Учитель — страница 36 из 47

– Потому что… – я вдруг почувствовал, что краснею, – потому что… Словом, мистер Хансден, отвечать на дальнейшие вопросы я отказываюсь. – И я решительно сунул руки поглубже в карманы.

Хансден восторжествовал, в его глазах замерцали искры победного смеха.

– И какого черта вы смеетесь, мистер Хансден?

– Уморительно видеть вашу образцовую сдержанность. Ладно, юноша, не стану надоедать вам расспросами, мне и так все ясно: Зораида бросила вас, предпочла богатого, как сделала бы на ее месте любая благоразумная женщина.

Я не ответил, предоставив ему право считать так, как он хочет, и не желая вдаваться в объяснения, а тем более придумывать их; но обмануть Хансдена было непросто; мое молчание, вместо того чтобы убедить его в собственной правоте, внушило сомнения в ней, и он продолжал:

– Полагаю, эта связь развивалась, как обычно бывает между разумными людьми: вы предложили ей свою молодость и таланты, какими бы они ни были, в обмен на ее положение в обществе и деньги; вряд ли вы принимали во внимание внешность или то, что принято называть «любовью», – насколько я понимаю, она старше вас и, если верить Брауну, внешне скорее благопристойна, чем красива. Поскольку в то время шансов на более выгодную сделку у нее не было, поначалу она согласилась на ваши условия, но тут глава процветающей школы Пеле выступил с ценой, превышающей вашу, она согласилась и досталась ему: безупречная, идеальная сделка, деловая и законная.

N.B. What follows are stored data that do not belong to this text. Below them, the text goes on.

section \<open>Binary quadratic forms modulo a prime\<close>

lemma minus_one_square_mod_prime:
  fixes p :: nat
  assumes p: "Factorial_Ring.prime p" and p_mod_4: "[p = 1] (mod 4)"
  obtains i :: int where "[i^2 = -1] (mod int p)"
proof -
  have p_gt_2: "2 < p"
    using prime_ge_2_nat[OF p] p_mod_4 unfolding cong_def by presburger
  have "even ((p - 1) div 2)"
    using p_mod_4 p_gt_2 unfolding cong_def by presburger
  then have "[Legendre (-1) (int p) = 1] (mod int p)"
    using euler_criterion[OF p p_gt_2, of "-1"] neg_one_even_power[where 'a = int] by simp
  moreover have "\<not> [-1 = 0] (mod int p)" "\<not> [-1 = 1] (mod int p)"
    using p_gt_2 by (simp_all add: cong_def zmod_minus1)
  ultimately have "QuadRes (int p) (-1)"
    unfolding Legendre_def by (auto split: if_splits)
  then show ?thesis
    using that unfolding QuadRes_def by blast
qed

lemma mult_square_mod_prime_inj_on:
  fixes p A :: int
  assumes p: "Factorial_Ring.prime p" and A: "\<not> p dvd A"
  shows "inj_on (\<lambda>x. (A * x^2) mod p) {0..(p - 1) div 2}"
proof (rule inj_onI)
  fix x y assume x: "x \<in> {0..(p - 1) div 2}" and y: "y \<in> {0..(p - 1) div 2}"
    and eq: "(A * x^2) mod p = (A * y^2) mod p"
  have "A * x^2 - A * y^2 = A * ((x - y) * (x + y))"
    by (simp add: algebra_simps power2_eq_square)
  moreover have "p dvd A * x^2 - A * y^2"
    using eq by (simp add: mod_eq_dvd_iff)
  ultimately have "p dvd A * ((x - y) * (x + y))"
    by simp
  then have dvd: "p dvd x - y \<or> p dvd x + y"
    using p A by (simp add: prime_dvd_mult_iff)
  have "2 * ((p - 1) div 2) \<le> p - 1"
    by simp
  then have "\<bar>x - y\<bar> < p" "0 \<le> x + y" "x + y < p"
    using x y by auto
  from dvd show "x = y"
  proof (elim disjE)
    assume "p dvd x - y"
    then show "x = y"
      using dvd_imp_le_int[of "x - y" p] \<open>\<bar>x - y\<bar> < p\<close> by (cases "x = y") auto
  next
    assume "p dvd x + y"
    then have "x + y = 0"
      using dvd_imp_le_int[of "x + y" p] \<open>0 \<le> x + y\<close> \<open>x + y < p\<close> by (cases "x + y = 0") auto
    then show "x = y"
      using x y by simp
  qed
qed

lemma binary_form_represents_mod_prime:
  fixes p A B c :: int
  assumes p: "Factorial_Ring.prime p" "odd p" and A: "\<not> p dvd A" and B: "\<not> p dvd B"
  obtains x y where "[A * x^2 + B * y^2 = c] (mod p)"
proof -
  define H where "H = {0..(p - 1) div 2}"
  define S1 where "S1 = (\<lambda>x. (A * x^2) mod p) ` H"
  define S2 where "S2 = (\<lambda>y. (c - B * y^2) mod p) ` H"
  have "inj_on (\<lambda>y. (B * y^2) mod p) H"
    unfolding H_def by (rule mult_square_mod_prime_inj_on[OF p(1) B])
  then have "inj_on ((\<lambda>r. (c - r) mod p) \<circ> (\<lambda>y. (c - B * y^2) mod p)) H"
    by (simp add: comp_def mod_diff_right_eq)
  then have "inj_on (\<lambda>y. (c - B * y^2) mod p) H"
    by (rule inj_on_imageI2)
  then have "card S2 = card H"
    unfolding S2_def by (rule card_image)
  moreover have "card S1 = card H"
    unfolding S1_def H_def using mult_square_mod_prime_inj_on[OF p(1) A] by (rule card_image)
  moreover have "card H = nat ((p - 1) div 2) + 1" "2 * ((p - 1) div 2) = p - 1"
    using p prime_gt_1_int[OF p(1)] unfolding H_def by auto
  moreover have "card (S1 \<union> S2) \<le> nat p"
    using card_mono[of "{0..<p}" "S1 \<union> S2"] prime_gt_1_int[OF p(1)]
    unfolding S1_def S2_def by fastforce
  moreover have "card S1 + card S2 = card (S1 \<union> S2) + card (S1 \<inter> S2)"
    using card_Un_Int[of S1 S2] unfolding S1_def S2_def H_def by simp
  ultimately have "card (S1 \<inter> S2) \<noteq> 0"
    by linarith
  then have "S1 \<inter> S2 \<noteq> {}"
    by fastforce
  then obtain x y where "(A * x^2) mod p = (c - B * y^2) mod p"
    unfolding S1_def S2_def by auto
  then show ?thesis
    using that[of x y] by (simp add: cong_iff_dvd_diff mod_eq_dvd_iff algebra_simps)
qed

lemma nonresidue_binary_form_anisotropic:
  fixes p i \<beta> e1 e2 :: int
  assumes p: "Factorial_Ring.prime p" and i: "[i^2 = -1] (mod p)"
    and \<beta>: "\<not> QuadRes p \<beta>" and zero: "[e1^2 + \<beta> * e2^2 = 0] (mod p)"
  shows "p dvd e1 \<and> p dvd e2"
proof -
  have e1_sq: "[e1^2 = - \<beta> * e2^2] (mod p)"
    using zero by (simp add: cong_iff_dvd_diff algebra_simps)
  have "p dvd e2"
  proof (rule ccontr)
    assume "\<not> p dvd e2"
    then have "coprime e2 p"
      using p prime_imp_coprime coprime_commute by blast
    then obtain v where v: "[e2 * v = 1] (mod p)"
      using cong_solve_coprime_int by blast
    have "(i * e1 * v)^2 = i^2 * e1^2 * v^2"
      by (simp add: power_mult_distrib)
    also have "[\<dots> = (-1) * (- \<beta> * e2^2) * v^2] (mod p)"
      by (intro cong_mult cong_refl i e1_sq)
    also have "(-1) * (- \<beta> * e2^2) * v^2 = \<beta> * (e2 * v)^2"
      by (simp add: power_mult_distrib)
    also have "[\<dots> = \<beta> * 1^2] (mod p)"
      by (intro cong_mult cong_pow cong_refl v)
    finally have "[(i * e1 * v)^2 = \<beta>] (mod p)"
      by simp
    then show False
      using \<beta> unfolding QuadRes_def by blast
  qed
  moreover from this have "p dvd \<beta> * e2^2"
    by (simp add: power2_eq_square)
  then have "p dvd e1^2"
    using zero dvd_add_left_iff by (auto simp: cong_0_iff)
  ultimately show ?thesis
    using p prime_dvd_power by blast
qed

lemma of_int_div_of_nat_in_Ints_iff:
  assumes "p > 0"
  shows "(of_int a / of_nat p :: rat) \<in> \<int> \<longleftrightarrow> int p dvd a"
  using assms of_int_div_of_int_in_Ints_iff[of a "int p", where 'a = rat] by simp

lemma eq_if_dvd_diff_in_range:
  fixes i j n :: int
  assumes "i \<in> {0..<n}" "j \<in> {0..<n}" "n dvd i - j"
  shows "i = j"
  using assms mod_eq_dvd_iff[of i n j] by simp

lemma prime_torsion_mod_pair:
  fixes i j :: int and p q r :: nat
  assumes p: "Factorial_Ring.prime p" "\<not> p dvd q"
    and range: "i \<in> {0..<int p * int r}" "j \<in> {0..<int q}"
    and torsion: "(int p * i) mod (int p * int r) = 0" "(int p * j) mod int q = 0"
  shows "j = 0 \<and> (\<exists>k \<in> {0..<int p}. i = int r * k)"
proof -
  have "coprime (int q) (int p)"
    using p prime_imp_coprime[of p q] by (simp add: coprime_commute)
  then have "int q dvd j - 0"
    using torsion(2) by (simp add: mod_eq_0_iff_dvd coprime_dvd_mult_right_iff)
  then have "j = 0"
    using range(2) eq_if_dvd_diff_in_range[of j "int q" 0] by simp
  moreover obtain k where k: "i = int r * k"
    using torsion(1) prime_gt_0_nat[OF p(1)] by (auto simp: mod_eq_0_iff_dvd elim: dvdE)
  moreover have "k \<in> {0..<int p}"
    using range(1) k by (auto simp: zero_le_mult_iff mult.commute[of _ "int r"] mult_less_cancel_left)
  ultimately show ?thesis
    by blast
qed

lemma squarefree_coprime_div_prime:
  fixes n p :: nat
  assumes "squarefree n" "Factorial_Ring.prime p" "p dvd n"
  shows "coprime p (n div p)"
proof -
  obtain r where r: "n = p * r"
    using assms(3) ..
  have "\<not> p * p dvd n"
    using assms(1,2) prime_gt_1_nat[OF assms(2)] by (auto simp: squarefree_def power2_eq_square)
  then have "\<not> p dvd r"
    using r by auto
  then show ?thesis
    using assms(2) r prime_gt_0_nat[OF assms(2)] by (simp add: prime_imp_coprime)
qed

section \<open>Finite abelian groups\<close>

lemma (in group) int_pow_mod:
  assumes x: "x \<in> carrier G" and n: "x [^] n = \<one>"
  shows "x [^] (k mod int n) = x [^] k"
proof -
  have "int n dvd k - k mod int n"
    by (simp add: minus_mod_eq_mult_div)
  then have "int (ord x) dvd k - k mod int n"
    using n x by (metis dvd_trans of_nat_dvd_iff pow_eq_id)
  then show ?thesis
    using x by (simp add: int_pow_eq)
qed

lemma (in comm_group) subgroup_torsion:
  "subgroup {x \<in> carrier G. x [^] (n::nat) = \<one>} G"
proof
  fix x y assume "x \<in> {x \<in> carrier G. x [^] n = \<one>}" "y \<in> {x \<in> carrier G. x [^] n = \<one>}"
  then show "x \<otimes> y \<in> {x \<in> carrier G. x [^] n = \<one>}"
    by (simp add: nat_pow_distrib)
next
  fix x assume "x \<in> {x \<in> carrier G. x [^] n = \<one>}"
  then show "inv x \<in> {x \<in> carrier G. x [^] n = \<one>}"
    by (simp add: nat_pow_inv)
qed auto

lemma (in comm_group) inv_int_pow_mult_int_pow:
  "a \<in> carrier G \<Longrightarrow> b \<in> carrier G \<Longrightarrow> inv (a [^] (i::int) \<otimes> b [^] (j::int)) = a [^] (- i) \<otimes> b [^] (- j)"
  by (simp add: inv_mult int_pow_neg m_comm)

lemma (in comm_group) int_pow_mult_int_pow_diff:
  assumes "a \<in> carrier G" "b \<in> carrier G"
  shows "a [^] (i - i') \<otimes> b [^] (j - j') = (a [^] (i::int) \<otimes> b [^] (j::int)) \<otimes> inv (a [^] i' \<otimes> b [^] j')"
  using assms by (simp add: inv_mult int_pow_neg int_pow_diff int_pow_mult m_ac)

lemma (in comm_group) mult_int_pow_mult_int_pow_eq_oneD:
  assumes "x \<otimes> a [^] (i::int) \<otimes> b [^] (j::int) = \<one>" "x \<in> carrier G" "a \<in> carrier G" "b \<in> carrier G"
  shows "x = a [^] (- i) \<otimes> b [^] (- j)"
proof -
  have "inv (a [^] i \<otimes> b [^] j) = x"
    using assms by (intro inv_equality) (simp_all add: m_assoc)
  then show ?thesis
    using assms(3,4) by (simp add: inv_int_pow_mult_int_pow)
qed

lemma (in comm_group) ord_mult_of_coprime:
  assumes a: "a \<in> carrier G" and b: "b \<in> carrier G" and coprime: "coprime (ord a) (ord b)"
  shows "ord (a \<otimes> b) = ord a * ord b"
proof (rule dvd_antisym)
  show "ord (a \<otimes> b) dvd ord a * ord b"
    using a b by (simp add: ord_mul_divides m_comm)
  let ?n = "ord (a \<otimes> b)"
  have annihilate: "x [^] (?n * ord y) = \<one>"
    if x: "x \<in> carrier G" and y: "y \<in> carrier G" and xy: "x [^] ?n \<otimes> y [^] ?n = \<one>" for x y
  proof -
    have y_n: "(y [^] ?n) [^] ord y = \<one>"
      by (simp add: y nat_pow_pow pow_eq_id[OF y])
    have "\<one> = (x [^] ?n \<otimes> y [^] ?n) [^] ord y"
      using xy by simp
    also have "\<dots> = (x [^] ?n) [^] ord y \<otimes> (y [^] ?n) [^] ord y"
      using x y by (simp add: nat_pow_distrib)
    finally show ?thesis
      using x y y_n by (simp add: nat_pow_pow)
  qed
  have ab_n: "a [^] ?n \<otimes> b [^] ?n = \<one>"
    using nat_pow_distrib[OF a b, of ?n] a b by simp
  then have "ord a dvd ?n * ord b"
    using annihilate a b by (simp add: pow_eq_id)
  moreover have "ord b dvd ?n * ord a"
    using annihilate[OF b a] ab_n a b by (simp add: pow_eq_id m_comm)
  ultimately show "ord a * ord b dvd ?n"
    using coprime by (simp add: divides_mult coprime_dvd_mult_left_iff coprime_commute)
qed

lemma (in group) ord_pow_ord_div:
  assumes "finite (carrier G)" "x \<in> carrier G" "p dvd ord x"
  shows "ord (x [^] (ord x div p)) = p"
proof -
  have "0 < ord x"
    using ord_ge_1 assms by fastforce
  then show ?thesis
    using assms ord_pow[of x "ord x div p"] by (auto elim!: dvdE)
qed

lemma (in group) exists_prime_ord_pow:
  assumes "finite (carrier G)" "x \<in> carrier G" "x \<noteq> \<one>"
  obtains p where "Factorial_Ring.prime p" "p dvd ord x" "ord (x [^] (ord x div p)) = p"
proof -
  have "ord x \<noteq> 1"
    using assms(2,3) ord_eq_1 by metis
  then obtain p where "Factorial_Ring.prime p" "p dvd ord x"
    using prime_factor_nat by blast
  with ord_pow_ord_div[OF assms(1,2)] show ?thesis
    by (intro that)
qed

lemma (in group) ord_eq_prime:
  assumes "Factorial_Ring.prime p" "x \<in> carrier G" "x [^] p = \<one>" "x \<noteq> \<one>"
  shows "ord x = p"
proof -
  have "ord x dvd p"
    using assms(2,3) by (simp add: pow_eq_id)
  moreover have "ord x \<noteq> 1"
    using assms(2,4) ord_eq_1 by blast
  ultimately show ?thesis
    using assms(1) by (auto simp: prime_nat_iff)
qed

lemma (in comm_group) ord_dvd_max_ord:
  assumes fin: "finite (carrier G)" and H: "subgroup H G"
    and sqf: "\<And>x. x \<in> H \<Longrightarrow> squarefree (ord x)"
    and a: "a \<in> H" and a_max: "\<And>x. x \<in> H \<Longrightarrow> ord x \<le> ord a" and x: "x \<in> H"
  shows "ord x dvd ord a"
proof -
  have xa: "x \<in> carrier G" "a \<in> carrier G"
    using x a subgroup.subset[OF H] by auto
  define g where "g = gcd (ord x) (ord a)"
  define d where "d = ord x div g"
  have ord_x: "ord x = d * g"
    by (simp add: d_def g_def)
  have g_pos: "g > 0"
    using ord_ge_1[OF fin xa(1)] by (simp add: g_def)
  have ord_xg: "ord (x [^] g) = d"
    using ord_pow[OF xa(1), of g] g_pos by (simp add: d_def g_def)
  have "coprime d (ord a)"
  proof (rule coprimeI)
    fix c assume c: "c dvd d" "c dvd ord a"
    then have "c dvd g"
      unfolding g_def using ord_x dvd_mult2[OF c(1)] by simp
    then have "c * c dvd ord x"
      using c(1) ord_x by (simp add: mult_dvd_mono)
    then show "is_unit c"
      using sqf[OF x] by (simp add: squarefree_def power2_eq_square)
  qed
  then have "ord (a \<otimes> x [^] g) = ord a * d"
    using ord_mult_of_coprime[of a "x [^] g"] xa ord_xg by (simp add: coprime_commute)
  moreover have "x [^] g \<in> H"
    using subgroup_int_pow_closed[OF H x, of "int g"] by (simp add: int_pow_int)
  then have "a \<otimes> x [^] g \<in> H"
    using subgroup.m_closed[OF H a] by blast
  ultimately have "ord a * d \<le> ord a * 1"
    using a_max[of "a \<otimes> x [^] g"] by simp
  then have "d \<le> 1"
    using ord_ge_1[OF fin xa(2)] by simp
  moreover have "d \<noteq> 0"
    using ord_x ord_ge_1[OF fin xa(1)] by auto
  ultimately have "ord x dvd g"
    using ord_x by (cases d) auto
  then show ?thesis
    by (simp add: g_def)
qed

А теперь сменим тему.

– Можно, – кивнул я, обрадованный предложением и в особенности тем, что сумел обмануть проницательного дознавателя – если, конечно, и вправду сумел, ибо взгляд его оставался испытующим и настороженным, в глазах светилась мысль, пока словами он отвлекал меня от опасной черты.

– Хотите новостей из N.? А что вас там интересует? Друзей у вас не осталось, так как вы и не подумали обзавестись ими. О вас никто не расспрашивал – ни мужчины, ни женщины, а когда я упоминал ваше имя в обществе, мужчины смотрели на меня так, словно я заговорил о пресвитере Иоанне[109], а женщины украдкой прыскали. Местные красавицы невзлюбили вас. Как вас угораздило попасть к ним в опалу?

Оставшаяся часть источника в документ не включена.